Repeat only the lines below from the one containing "then show ?case" through the one containing "using step.IH by auto", inclusive, exactly as written.
-=-=-
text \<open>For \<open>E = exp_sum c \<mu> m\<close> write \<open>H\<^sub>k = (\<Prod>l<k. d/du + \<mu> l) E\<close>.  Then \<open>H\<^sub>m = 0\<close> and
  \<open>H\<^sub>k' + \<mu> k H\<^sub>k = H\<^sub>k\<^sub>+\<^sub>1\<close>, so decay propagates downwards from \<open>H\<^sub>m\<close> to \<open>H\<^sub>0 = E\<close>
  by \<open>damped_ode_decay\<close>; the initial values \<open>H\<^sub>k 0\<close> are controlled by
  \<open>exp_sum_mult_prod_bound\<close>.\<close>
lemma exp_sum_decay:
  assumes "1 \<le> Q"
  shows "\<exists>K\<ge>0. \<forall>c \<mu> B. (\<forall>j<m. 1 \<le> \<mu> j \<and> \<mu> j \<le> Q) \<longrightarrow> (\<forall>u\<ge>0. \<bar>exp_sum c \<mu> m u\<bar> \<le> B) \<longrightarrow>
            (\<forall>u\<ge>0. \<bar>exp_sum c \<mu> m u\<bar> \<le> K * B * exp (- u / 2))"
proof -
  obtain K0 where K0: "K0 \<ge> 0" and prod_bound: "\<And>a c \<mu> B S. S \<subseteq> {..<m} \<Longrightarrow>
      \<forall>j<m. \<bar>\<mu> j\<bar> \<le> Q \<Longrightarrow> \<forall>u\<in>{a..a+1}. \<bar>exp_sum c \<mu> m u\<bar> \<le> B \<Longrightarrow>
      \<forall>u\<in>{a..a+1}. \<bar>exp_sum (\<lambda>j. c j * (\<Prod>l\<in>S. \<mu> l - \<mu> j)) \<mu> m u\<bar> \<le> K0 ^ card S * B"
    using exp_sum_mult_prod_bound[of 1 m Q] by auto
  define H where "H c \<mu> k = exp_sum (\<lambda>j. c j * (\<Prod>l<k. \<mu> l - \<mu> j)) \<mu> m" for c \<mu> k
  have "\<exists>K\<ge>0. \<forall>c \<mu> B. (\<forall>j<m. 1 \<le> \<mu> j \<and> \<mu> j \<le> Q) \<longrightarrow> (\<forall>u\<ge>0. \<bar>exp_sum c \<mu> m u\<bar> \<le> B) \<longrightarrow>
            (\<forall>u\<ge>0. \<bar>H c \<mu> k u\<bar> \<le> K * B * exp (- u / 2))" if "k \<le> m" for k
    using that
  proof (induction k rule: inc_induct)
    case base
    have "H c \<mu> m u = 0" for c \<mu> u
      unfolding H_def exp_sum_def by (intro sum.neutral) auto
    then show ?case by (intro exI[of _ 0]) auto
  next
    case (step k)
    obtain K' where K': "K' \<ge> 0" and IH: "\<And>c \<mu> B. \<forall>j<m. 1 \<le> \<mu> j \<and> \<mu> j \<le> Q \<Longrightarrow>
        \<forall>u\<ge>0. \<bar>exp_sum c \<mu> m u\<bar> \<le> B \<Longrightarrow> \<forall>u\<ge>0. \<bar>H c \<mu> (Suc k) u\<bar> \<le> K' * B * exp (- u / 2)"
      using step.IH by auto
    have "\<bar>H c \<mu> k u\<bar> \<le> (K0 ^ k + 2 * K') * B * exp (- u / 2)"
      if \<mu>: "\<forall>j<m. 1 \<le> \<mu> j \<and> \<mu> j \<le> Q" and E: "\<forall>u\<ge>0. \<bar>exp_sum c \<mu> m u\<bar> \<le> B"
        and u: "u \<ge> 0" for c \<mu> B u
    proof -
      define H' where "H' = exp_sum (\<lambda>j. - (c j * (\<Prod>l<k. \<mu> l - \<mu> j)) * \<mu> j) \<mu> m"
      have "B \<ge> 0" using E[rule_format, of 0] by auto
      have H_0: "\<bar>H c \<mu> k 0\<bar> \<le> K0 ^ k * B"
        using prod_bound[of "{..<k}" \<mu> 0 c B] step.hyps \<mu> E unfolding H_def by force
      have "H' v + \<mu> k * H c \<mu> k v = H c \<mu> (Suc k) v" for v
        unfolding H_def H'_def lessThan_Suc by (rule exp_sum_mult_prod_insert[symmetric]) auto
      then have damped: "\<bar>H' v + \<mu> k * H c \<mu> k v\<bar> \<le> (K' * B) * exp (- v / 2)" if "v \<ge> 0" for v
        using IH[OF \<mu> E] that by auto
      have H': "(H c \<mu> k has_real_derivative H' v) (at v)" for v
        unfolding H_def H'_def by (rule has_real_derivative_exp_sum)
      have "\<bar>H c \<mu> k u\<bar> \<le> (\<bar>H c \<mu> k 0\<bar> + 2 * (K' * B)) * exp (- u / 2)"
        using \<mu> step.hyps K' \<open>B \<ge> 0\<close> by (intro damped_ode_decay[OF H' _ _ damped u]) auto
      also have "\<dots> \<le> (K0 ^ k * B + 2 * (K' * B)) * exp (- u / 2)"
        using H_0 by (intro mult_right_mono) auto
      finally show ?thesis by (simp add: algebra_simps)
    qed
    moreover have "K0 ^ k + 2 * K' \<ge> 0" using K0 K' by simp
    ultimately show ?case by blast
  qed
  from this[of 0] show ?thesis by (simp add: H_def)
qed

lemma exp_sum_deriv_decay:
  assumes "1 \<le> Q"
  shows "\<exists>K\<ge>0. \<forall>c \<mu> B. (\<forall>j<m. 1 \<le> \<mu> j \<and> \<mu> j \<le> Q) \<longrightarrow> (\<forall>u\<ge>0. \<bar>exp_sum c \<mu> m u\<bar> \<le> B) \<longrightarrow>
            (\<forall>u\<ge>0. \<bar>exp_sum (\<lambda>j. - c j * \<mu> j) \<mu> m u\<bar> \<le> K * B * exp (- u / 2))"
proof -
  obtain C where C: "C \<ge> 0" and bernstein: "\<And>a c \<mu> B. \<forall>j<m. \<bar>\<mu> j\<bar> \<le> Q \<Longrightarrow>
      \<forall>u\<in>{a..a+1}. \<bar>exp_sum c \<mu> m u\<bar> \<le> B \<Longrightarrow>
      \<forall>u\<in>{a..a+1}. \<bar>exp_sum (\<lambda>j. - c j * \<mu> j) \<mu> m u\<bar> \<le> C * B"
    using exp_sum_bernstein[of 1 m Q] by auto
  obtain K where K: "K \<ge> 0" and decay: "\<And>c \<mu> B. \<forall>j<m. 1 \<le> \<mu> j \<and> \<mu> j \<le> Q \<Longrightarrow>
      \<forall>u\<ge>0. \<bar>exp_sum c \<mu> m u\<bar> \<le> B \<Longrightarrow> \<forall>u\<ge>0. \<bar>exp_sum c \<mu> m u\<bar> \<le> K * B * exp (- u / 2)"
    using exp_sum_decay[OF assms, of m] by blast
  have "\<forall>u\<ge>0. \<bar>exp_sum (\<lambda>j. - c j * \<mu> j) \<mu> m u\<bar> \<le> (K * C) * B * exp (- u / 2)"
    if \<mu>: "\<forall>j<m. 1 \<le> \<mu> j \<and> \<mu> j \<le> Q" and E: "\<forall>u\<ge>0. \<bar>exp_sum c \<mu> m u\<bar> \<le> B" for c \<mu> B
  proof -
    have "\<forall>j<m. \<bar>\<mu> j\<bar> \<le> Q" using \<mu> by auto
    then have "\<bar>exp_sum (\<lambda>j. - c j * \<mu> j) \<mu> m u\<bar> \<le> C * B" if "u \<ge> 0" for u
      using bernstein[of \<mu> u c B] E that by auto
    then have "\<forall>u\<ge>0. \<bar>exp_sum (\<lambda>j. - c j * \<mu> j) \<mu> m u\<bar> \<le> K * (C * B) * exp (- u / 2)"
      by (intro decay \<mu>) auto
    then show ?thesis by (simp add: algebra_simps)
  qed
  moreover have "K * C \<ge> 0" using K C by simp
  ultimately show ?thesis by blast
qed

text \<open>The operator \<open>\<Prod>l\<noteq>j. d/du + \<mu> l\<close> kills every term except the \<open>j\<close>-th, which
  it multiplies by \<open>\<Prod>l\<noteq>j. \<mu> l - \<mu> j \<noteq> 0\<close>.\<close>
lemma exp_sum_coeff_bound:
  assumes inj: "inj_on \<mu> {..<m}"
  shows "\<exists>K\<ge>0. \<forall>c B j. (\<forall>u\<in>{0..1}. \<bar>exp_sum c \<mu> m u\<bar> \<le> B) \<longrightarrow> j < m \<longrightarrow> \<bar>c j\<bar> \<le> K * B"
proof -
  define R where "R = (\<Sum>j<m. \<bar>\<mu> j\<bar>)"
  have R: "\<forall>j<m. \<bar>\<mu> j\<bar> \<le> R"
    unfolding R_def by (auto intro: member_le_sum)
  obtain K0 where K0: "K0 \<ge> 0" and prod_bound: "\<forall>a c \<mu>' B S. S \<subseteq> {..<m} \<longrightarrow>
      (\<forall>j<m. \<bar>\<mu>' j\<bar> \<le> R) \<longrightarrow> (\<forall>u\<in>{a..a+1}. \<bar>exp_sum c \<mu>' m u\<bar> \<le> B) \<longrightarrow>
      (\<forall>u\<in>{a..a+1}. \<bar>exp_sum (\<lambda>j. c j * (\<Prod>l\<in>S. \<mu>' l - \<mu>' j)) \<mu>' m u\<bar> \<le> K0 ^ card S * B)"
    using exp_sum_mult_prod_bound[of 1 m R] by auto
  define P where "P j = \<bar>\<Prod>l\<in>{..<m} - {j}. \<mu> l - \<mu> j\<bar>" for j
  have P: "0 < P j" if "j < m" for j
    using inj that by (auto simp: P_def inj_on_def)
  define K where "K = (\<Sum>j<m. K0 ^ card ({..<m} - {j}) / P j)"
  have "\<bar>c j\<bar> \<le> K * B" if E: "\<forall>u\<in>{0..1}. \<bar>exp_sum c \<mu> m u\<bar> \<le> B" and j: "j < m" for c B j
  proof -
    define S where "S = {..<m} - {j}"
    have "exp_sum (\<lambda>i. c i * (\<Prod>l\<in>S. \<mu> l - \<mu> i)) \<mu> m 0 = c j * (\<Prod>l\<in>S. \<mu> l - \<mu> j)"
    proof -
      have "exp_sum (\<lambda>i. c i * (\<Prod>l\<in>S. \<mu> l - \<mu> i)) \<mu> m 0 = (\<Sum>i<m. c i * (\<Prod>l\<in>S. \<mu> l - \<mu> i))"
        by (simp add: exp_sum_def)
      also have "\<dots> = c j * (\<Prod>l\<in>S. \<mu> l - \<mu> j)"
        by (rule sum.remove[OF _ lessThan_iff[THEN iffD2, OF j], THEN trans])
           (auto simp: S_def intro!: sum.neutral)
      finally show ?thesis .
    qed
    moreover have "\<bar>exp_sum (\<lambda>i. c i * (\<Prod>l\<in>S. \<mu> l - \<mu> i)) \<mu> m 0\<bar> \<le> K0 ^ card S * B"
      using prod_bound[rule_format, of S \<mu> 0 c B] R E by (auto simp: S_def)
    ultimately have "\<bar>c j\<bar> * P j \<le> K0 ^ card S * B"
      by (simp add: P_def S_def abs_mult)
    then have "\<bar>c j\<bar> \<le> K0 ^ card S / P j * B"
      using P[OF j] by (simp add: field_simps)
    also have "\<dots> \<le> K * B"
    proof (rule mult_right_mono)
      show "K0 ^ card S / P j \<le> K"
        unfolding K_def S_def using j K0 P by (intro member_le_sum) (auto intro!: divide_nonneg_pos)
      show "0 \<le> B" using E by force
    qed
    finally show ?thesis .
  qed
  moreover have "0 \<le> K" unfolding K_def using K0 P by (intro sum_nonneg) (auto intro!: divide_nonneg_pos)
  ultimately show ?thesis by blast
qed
-=-=-
● **WRITTEN RESPONSE**
    then show ?case by (intro exI[of _ 0]) auto
  next
    case (step k)
    obtain K' where K': "K' \<ge> 0" and IH: "\<And>c \<mu> B. \<forall>j<m. 1 \<le> \<mu> j \<and> \<mu> j \<le> Q \<Longrightarrow>
        \<forall>u\<ge>0. \<bar>exp_sum c \<mu> m u\<bar> \<le> B \<Longrightarrow> \<forall>u\<ge>0. \<bar>H c \<mu> (Suc k) u\<bar> \<le> K' * B * exp (- u / 2)"
      using step.IH by auto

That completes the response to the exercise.